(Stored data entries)
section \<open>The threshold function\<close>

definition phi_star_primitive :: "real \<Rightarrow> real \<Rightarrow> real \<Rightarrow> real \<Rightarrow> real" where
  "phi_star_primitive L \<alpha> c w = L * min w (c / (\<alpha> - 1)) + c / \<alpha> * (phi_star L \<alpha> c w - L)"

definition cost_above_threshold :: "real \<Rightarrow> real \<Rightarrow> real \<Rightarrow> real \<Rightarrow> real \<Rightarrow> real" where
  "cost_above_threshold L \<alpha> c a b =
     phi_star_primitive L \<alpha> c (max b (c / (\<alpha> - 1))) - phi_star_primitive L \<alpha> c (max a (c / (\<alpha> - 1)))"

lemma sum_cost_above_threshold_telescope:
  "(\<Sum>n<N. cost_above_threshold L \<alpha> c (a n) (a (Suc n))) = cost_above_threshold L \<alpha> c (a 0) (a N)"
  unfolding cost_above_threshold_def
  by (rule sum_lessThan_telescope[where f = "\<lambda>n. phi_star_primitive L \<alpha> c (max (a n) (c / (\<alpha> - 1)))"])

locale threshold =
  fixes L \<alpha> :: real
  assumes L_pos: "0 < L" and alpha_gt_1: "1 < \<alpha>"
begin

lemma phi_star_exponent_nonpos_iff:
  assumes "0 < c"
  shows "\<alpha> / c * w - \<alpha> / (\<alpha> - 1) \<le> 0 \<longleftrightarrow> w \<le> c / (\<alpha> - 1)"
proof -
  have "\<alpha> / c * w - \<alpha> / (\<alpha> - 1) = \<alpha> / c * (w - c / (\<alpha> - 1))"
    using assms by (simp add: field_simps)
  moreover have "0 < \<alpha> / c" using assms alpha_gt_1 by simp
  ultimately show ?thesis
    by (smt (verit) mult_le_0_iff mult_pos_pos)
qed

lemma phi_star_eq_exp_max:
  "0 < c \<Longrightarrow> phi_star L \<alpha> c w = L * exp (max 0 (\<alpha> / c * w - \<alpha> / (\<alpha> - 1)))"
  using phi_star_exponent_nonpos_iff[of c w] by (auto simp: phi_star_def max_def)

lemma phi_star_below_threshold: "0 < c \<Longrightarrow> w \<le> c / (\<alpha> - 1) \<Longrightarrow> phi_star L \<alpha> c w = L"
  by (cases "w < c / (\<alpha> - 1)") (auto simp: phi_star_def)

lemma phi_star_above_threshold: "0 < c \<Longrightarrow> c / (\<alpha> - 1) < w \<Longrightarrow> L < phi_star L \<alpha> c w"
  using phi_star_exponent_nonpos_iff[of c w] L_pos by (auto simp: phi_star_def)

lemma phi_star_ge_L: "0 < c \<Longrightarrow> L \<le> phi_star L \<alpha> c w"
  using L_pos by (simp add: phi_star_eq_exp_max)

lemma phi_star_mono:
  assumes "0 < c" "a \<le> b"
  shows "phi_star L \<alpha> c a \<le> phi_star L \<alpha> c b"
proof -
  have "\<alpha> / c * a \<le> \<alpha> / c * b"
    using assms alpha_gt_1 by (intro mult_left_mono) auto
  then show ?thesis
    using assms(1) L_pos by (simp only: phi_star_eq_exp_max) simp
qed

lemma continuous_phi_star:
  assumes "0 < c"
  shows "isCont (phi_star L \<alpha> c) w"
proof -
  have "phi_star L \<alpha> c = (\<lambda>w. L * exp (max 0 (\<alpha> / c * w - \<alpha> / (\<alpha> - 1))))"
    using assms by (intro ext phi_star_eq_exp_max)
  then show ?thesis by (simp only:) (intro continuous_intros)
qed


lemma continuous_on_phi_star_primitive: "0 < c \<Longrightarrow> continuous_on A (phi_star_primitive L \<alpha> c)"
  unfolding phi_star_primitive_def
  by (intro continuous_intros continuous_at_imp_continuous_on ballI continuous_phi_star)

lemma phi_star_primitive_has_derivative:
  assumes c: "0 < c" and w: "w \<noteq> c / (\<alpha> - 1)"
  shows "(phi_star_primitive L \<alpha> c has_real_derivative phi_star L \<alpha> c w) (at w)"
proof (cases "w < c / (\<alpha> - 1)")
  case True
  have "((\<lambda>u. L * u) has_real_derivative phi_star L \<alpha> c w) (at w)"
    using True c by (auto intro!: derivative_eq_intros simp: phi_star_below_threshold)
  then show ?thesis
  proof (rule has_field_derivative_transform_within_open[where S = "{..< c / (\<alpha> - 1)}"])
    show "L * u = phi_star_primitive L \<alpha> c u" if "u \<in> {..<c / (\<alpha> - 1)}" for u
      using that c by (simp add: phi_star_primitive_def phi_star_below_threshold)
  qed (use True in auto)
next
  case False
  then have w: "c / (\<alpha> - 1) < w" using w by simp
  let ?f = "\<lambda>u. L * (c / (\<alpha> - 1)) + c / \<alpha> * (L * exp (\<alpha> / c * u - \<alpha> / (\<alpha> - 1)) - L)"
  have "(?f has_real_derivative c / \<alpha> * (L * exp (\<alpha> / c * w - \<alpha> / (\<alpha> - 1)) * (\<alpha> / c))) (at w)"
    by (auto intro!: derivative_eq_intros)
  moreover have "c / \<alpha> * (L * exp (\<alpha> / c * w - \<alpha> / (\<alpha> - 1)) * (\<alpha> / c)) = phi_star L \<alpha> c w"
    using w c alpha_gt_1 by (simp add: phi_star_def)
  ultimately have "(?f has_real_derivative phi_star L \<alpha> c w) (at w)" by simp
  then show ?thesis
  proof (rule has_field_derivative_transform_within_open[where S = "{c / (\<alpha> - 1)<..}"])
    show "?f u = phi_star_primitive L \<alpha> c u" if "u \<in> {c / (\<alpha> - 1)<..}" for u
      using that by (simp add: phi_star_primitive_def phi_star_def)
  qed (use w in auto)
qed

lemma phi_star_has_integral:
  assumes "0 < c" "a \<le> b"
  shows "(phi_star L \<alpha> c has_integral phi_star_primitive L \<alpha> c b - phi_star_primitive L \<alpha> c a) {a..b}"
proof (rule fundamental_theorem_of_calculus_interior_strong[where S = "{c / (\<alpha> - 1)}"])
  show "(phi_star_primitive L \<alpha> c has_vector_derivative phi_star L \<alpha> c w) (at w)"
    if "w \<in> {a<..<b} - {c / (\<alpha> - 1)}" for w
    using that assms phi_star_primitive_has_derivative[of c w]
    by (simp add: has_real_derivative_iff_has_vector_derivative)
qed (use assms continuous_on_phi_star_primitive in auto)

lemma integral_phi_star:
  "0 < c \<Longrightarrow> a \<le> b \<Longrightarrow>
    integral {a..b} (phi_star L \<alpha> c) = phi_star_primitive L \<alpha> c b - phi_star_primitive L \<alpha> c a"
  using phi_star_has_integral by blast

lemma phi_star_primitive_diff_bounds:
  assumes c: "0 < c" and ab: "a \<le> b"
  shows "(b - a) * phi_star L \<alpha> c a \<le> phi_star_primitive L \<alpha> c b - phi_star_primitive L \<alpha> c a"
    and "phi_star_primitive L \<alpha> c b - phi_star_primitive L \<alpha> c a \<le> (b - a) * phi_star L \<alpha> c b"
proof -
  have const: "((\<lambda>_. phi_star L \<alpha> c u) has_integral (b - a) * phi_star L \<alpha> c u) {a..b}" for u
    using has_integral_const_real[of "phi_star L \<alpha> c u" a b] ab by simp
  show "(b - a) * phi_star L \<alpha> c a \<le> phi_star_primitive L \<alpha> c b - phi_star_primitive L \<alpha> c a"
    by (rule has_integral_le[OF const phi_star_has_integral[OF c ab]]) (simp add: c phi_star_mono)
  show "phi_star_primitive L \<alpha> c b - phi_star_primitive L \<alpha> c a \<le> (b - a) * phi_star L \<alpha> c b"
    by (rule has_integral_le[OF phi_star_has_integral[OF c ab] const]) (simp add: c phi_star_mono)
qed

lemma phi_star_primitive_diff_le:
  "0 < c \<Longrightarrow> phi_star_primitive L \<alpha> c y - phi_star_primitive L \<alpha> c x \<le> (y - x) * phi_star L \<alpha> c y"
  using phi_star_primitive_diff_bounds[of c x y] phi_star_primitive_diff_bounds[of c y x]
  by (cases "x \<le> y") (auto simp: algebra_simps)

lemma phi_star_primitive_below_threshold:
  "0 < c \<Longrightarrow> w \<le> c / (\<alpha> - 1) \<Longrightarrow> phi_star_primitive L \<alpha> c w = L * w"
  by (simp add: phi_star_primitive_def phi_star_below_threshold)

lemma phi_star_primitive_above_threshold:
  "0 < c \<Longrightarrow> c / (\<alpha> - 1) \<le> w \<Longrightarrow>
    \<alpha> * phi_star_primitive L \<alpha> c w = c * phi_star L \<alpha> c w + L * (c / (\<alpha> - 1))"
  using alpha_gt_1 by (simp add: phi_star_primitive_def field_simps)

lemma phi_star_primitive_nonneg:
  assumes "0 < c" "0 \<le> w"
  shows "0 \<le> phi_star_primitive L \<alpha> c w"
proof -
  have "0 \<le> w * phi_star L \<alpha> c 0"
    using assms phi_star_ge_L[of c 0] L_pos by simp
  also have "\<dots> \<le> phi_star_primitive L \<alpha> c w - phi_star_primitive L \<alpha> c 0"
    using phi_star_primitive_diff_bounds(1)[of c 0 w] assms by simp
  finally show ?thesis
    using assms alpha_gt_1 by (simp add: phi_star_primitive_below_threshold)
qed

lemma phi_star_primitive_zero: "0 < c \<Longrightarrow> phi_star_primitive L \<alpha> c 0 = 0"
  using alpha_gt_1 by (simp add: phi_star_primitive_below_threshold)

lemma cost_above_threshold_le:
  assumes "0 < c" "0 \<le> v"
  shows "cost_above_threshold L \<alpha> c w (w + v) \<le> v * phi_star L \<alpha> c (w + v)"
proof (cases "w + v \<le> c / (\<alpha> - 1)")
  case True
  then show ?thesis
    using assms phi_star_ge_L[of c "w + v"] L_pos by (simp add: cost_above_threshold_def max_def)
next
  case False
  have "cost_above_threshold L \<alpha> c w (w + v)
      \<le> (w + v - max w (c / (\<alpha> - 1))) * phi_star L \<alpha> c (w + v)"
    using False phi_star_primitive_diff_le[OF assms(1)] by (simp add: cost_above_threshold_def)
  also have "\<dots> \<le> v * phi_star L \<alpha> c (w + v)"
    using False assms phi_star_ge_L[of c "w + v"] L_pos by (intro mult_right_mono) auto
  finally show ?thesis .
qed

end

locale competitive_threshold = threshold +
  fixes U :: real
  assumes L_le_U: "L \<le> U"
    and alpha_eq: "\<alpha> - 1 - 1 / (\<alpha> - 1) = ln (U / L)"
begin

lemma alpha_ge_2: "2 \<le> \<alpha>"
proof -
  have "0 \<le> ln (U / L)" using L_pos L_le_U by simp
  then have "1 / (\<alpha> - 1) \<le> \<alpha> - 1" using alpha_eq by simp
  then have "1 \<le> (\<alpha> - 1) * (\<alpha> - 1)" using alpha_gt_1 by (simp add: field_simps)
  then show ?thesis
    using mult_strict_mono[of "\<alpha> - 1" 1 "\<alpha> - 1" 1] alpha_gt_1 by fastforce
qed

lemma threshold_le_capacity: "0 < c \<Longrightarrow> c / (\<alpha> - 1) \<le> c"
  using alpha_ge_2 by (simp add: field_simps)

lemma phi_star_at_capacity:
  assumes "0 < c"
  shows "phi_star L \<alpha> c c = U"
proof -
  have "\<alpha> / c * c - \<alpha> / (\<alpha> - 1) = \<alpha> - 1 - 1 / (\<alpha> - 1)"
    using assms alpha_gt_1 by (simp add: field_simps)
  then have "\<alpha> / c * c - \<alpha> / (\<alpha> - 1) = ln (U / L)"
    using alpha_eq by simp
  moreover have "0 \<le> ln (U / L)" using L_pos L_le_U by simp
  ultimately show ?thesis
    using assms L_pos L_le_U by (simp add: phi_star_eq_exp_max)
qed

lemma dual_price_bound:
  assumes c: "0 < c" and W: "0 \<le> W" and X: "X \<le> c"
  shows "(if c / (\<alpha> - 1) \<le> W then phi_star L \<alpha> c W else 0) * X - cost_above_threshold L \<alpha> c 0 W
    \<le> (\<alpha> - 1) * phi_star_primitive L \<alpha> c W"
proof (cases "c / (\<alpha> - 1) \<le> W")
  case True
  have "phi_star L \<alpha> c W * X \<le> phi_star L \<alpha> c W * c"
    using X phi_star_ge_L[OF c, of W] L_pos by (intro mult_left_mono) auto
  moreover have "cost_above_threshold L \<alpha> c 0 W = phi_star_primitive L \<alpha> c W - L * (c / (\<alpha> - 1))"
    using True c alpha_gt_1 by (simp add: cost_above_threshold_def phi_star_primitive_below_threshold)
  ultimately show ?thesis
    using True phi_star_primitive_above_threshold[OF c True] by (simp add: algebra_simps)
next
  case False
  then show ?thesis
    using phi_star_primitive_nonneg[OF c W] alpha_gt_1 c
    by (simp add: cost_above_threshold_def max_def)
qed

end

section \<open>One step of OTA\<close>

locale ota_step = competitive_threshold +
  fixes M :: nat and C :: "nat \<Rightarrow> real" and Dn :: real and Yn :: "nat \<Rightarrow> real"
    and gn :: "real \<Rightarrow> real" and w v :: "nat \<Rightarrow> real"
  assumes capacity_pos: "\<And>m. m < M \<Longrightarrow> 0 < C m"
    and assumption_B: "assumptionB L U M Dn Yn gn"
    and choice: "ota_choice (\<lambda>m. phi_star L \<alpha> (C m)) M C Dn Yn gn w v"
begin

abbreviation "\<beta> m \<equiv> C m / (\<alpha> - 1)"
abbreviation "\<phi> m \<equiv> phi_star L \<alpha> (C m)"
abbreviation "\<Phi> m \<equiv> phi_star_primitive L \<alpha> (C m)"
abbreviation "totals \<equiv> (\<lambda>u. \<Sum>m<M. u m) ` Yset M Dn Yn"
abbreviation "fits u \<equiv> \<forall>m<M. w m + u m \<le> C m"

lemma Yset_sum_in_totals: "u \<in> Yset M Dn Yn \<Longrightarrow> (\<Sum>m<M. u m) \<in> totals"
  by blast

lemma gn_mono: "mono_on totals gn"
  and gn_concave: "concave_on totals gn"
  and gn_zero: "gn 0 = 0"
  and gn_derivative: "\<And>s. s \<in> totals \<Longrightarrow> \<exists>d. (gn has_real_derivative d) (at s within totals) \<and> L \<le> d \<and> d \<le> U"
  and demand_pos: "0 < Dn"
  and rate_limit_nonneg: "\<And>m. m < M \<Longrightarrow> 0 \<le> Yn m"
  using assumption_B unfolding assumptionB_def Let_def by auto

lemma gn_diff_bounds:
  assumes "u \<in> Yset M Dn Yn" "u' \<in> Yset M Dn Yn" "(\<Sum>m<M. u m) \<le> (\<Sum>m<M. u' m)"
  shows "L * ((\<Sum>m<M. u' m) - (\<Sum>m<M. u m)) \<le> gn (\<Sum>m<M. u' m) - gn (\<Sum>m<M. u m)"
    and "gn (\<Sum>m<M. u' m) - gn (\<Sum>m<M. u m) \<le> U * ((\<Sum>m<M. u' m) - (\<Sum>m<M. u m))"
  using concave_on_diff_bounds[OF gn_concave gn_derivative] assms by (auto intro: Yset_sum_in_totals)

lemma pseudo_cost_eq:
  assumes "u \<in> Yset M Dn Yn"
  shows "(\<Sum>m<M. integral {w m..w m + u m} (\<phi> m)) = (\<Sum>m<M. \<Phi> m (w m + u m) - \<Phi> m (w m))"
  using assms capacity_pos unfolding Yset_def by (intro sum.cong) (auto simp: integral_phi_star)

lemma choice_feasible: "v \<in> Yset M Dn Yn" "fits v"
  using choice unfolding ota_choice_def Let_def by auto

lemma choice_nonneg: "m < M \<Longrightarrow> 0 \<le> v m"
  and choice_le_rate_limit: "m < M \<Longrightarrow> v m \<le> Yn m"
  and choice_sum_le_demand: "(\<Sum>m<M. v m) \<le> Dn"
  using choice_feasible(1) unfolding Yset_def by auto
...
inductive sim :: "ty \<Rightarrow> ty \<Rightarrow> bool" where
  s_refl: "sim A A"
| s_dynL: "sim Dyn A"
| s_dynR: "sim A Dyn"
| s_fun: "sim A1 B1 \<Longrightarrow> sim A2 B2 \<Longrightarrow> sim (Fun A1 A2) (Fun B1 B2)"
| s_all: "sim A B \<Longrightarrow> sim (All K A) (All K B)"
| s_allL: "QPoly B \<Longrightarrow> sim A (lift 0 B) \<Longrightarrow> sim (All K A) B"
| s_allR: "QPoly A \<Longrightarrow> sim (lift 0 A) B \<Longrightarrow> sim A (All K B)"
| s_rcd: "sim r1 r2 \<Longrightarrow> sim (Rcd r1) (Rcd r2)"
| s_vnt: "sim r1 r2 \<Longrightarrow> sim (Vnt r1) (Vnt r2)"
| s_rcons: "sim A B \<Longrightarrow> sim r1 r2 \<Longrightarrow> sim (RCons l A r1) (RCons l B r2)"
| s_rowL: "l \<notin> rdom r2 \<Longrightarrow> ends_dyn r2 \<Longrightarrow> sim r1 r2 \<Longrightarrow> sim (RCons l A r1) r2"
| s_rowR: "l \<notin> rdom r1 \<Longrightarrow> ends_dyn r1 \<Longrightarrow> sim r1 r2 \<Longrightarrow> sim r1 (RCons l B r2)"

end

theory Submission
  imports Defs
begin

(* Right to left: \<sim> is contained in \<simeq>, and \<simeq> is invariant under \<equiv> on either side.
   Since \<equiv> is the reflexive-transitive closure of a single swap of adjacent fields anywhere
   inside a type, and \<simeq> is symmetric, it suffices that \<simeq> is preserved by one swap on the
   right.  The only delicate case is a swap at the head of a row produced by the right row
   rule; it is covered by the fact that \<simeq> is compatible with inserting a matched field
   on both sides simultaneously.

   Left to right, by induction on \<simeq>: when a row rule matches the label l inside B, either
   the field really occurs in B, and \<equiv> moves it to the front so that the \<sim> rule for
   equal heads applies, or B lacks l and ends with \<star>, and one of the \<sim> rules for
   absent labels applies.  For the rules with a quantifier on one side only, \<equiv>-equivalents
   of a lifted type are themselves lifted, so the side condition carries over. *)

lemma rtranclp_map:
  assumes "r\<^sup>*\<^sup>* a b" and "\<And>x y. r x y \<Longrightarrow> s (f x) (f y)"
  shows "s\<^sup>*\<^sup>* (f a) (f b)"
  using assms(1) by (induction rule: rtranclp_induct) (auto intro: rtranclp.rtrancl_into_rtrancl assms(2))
==
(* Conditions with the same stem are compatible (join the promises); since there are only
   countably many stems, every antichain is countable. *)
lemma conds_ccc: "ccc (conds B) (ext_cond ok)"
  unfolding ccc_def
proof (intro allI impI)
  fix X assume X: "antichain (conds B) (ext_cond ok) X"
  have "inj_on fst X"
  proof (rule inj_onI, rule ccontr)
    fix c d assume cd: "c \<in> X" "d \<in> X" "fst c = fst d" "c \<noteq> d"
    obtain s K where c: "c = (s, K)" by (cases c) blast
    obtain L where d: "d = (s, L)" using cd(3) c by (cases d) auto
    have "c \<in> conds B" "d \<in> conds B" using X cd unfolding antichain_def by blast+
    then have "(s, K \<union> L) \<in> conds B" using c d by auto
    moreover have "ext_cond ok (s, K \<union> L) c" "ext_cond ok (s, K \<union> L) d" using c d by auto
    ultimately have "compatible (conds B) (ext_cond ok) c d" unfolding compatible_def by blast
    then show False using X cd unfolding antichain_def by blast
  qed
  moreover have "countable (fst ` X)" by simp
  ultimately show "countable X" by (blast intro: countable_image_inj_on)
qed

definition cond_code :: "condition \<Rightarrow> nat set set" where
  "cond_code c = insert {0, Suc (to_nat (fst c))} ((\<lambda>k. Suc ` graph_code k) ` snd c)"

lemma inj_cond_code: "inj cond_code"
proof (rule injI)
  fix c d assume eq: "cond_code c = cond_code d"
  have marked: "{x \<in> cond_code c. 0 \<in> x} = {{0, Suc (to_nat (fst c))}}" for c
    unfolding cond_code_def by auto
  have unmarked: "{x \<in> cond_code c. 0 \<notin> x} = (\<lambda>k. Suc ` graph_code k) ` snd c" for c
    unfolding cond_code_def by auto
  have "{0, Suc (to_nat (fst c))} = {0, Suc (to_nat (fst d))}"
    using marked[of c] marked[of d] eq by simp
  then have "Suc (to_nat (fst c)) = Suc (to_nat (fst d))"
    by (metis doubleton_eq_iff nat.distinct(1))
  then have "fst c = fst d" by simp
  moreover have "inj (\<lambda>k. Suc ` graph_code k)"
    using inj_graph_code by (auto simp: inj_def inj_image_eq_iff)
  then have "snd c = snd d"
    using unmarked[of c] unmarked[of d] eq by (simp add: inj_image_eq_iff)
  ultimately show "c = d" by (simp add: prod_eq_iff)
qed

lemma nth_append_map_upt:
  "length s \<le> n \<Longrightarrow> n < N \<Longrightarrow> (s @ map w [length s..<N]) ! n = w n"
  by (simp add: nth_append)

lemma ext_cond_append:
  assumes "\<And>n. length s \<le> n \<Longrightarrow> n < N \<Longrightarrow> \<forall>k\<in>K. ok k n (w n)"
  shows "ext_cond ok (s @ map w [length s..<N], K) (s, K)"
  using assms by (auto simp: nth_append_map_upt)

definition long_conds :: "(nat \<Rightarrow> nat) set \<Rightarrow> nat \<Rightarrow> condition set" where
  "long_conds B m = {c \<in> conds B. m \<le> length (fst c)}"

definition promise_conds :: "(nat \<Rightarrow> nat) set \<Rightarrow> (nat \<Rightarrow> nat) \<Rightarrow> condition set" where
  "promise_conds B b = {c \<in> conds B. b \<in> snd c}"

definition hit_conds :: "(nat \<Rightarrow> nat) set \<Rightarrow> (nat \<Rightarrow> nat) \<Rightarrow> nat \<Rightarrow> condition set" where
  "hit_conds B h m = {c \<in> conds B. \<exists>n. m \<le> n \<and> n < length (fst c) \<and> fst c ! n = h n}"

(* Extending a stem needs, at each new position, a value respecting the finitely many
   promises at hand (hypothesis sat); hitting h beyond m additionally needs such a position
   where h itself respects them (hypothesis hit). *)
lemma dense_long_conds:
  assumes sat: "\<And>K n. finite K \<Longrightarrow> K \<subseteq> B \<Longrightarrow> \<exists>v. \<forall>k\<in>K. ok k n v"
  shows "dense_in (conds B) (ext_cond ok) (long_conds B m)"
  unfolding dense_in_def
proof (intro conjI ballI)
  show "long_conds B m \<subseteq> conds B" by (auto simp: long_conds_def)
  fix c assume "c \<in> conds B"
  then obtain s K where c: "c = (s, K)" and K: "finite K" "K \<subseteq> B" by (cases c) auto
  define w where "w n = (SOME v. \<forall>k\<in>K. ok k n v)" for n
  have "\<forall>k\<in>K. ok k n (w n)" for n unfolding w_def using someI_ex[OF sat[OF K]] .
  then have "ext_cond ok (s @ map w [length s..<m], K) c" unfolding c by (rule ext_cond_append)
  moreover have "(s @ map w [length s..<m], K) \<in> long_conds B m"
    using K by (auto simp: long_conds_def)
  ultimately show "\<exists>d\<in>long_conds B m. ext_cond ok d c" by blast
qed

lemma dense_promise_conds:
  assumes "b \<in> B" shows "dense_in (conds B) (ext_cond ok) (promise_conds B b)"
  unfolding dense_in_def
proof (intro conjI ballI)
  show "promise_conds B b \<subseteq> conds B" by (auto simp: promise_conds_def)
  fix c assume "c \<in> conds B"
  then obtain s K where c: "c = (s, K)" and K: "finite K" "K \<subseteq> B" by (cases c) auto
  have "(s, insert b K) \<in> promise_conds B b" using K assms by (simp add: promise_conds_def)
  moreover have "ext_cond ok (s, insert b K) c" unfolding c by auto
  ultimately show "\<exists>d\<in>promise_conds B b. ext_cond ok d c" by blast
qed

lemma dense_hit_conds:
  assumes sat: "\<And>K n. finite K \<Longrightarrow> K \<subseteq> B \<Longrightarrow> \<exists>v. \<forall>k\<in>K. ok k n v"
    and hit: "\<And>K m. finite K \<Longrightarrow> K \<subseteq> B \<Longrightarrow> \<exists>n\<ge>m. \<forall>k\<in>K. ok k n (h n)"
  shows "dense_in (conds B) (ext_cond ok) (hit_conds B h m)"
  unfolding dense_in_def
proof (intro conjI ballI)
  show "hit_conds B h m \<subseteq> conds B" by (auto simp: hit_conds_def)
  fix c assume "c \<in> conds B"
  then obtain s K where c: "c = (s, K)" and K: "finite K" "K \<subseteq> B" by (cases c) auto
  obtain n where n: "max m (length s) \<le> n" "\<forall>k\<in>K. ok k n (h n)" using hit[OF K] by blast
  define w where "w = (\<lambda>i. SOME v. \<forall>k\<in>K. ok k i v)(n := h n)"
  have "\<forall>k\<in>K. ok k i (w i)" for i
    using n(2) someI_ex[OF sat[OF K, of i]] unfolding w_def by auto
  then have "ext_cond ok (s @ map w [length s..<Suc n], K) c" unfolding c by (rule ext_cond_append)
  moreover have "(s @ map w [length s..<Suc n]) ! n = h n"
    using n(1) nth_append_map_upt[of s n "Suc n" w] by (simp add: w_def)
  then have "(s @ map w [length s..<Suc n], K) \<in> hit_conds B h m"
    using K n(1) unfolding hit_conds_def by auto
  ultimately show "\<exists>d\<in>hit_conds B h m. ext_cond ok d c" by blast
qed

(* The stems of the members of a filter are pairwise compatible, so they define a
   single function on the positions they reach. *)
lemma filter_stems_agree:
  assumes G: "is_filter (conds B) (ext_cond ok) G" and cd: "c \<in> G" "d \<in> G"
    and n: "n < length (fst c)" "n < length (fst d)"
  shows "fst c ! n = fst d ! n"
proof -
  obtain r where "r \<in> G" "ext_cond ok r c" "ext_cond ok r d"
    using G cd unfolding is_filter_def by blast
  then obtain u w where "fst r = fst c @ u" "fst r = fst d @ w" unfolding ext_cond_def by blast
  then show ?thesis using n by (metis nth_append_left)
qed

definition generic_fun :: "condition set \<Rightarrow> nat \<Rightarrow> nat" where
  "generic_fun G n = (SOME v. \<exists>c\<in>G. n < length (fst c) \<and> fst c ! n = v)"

## What is being asked
Report all lines above with "countable".

## Result
   countably many stems, every antichain is countable. *)
  moreover have "countable (fst ` X)" by simp
  ultimately show "countable X" by (blast intro: countable_image_inj_on)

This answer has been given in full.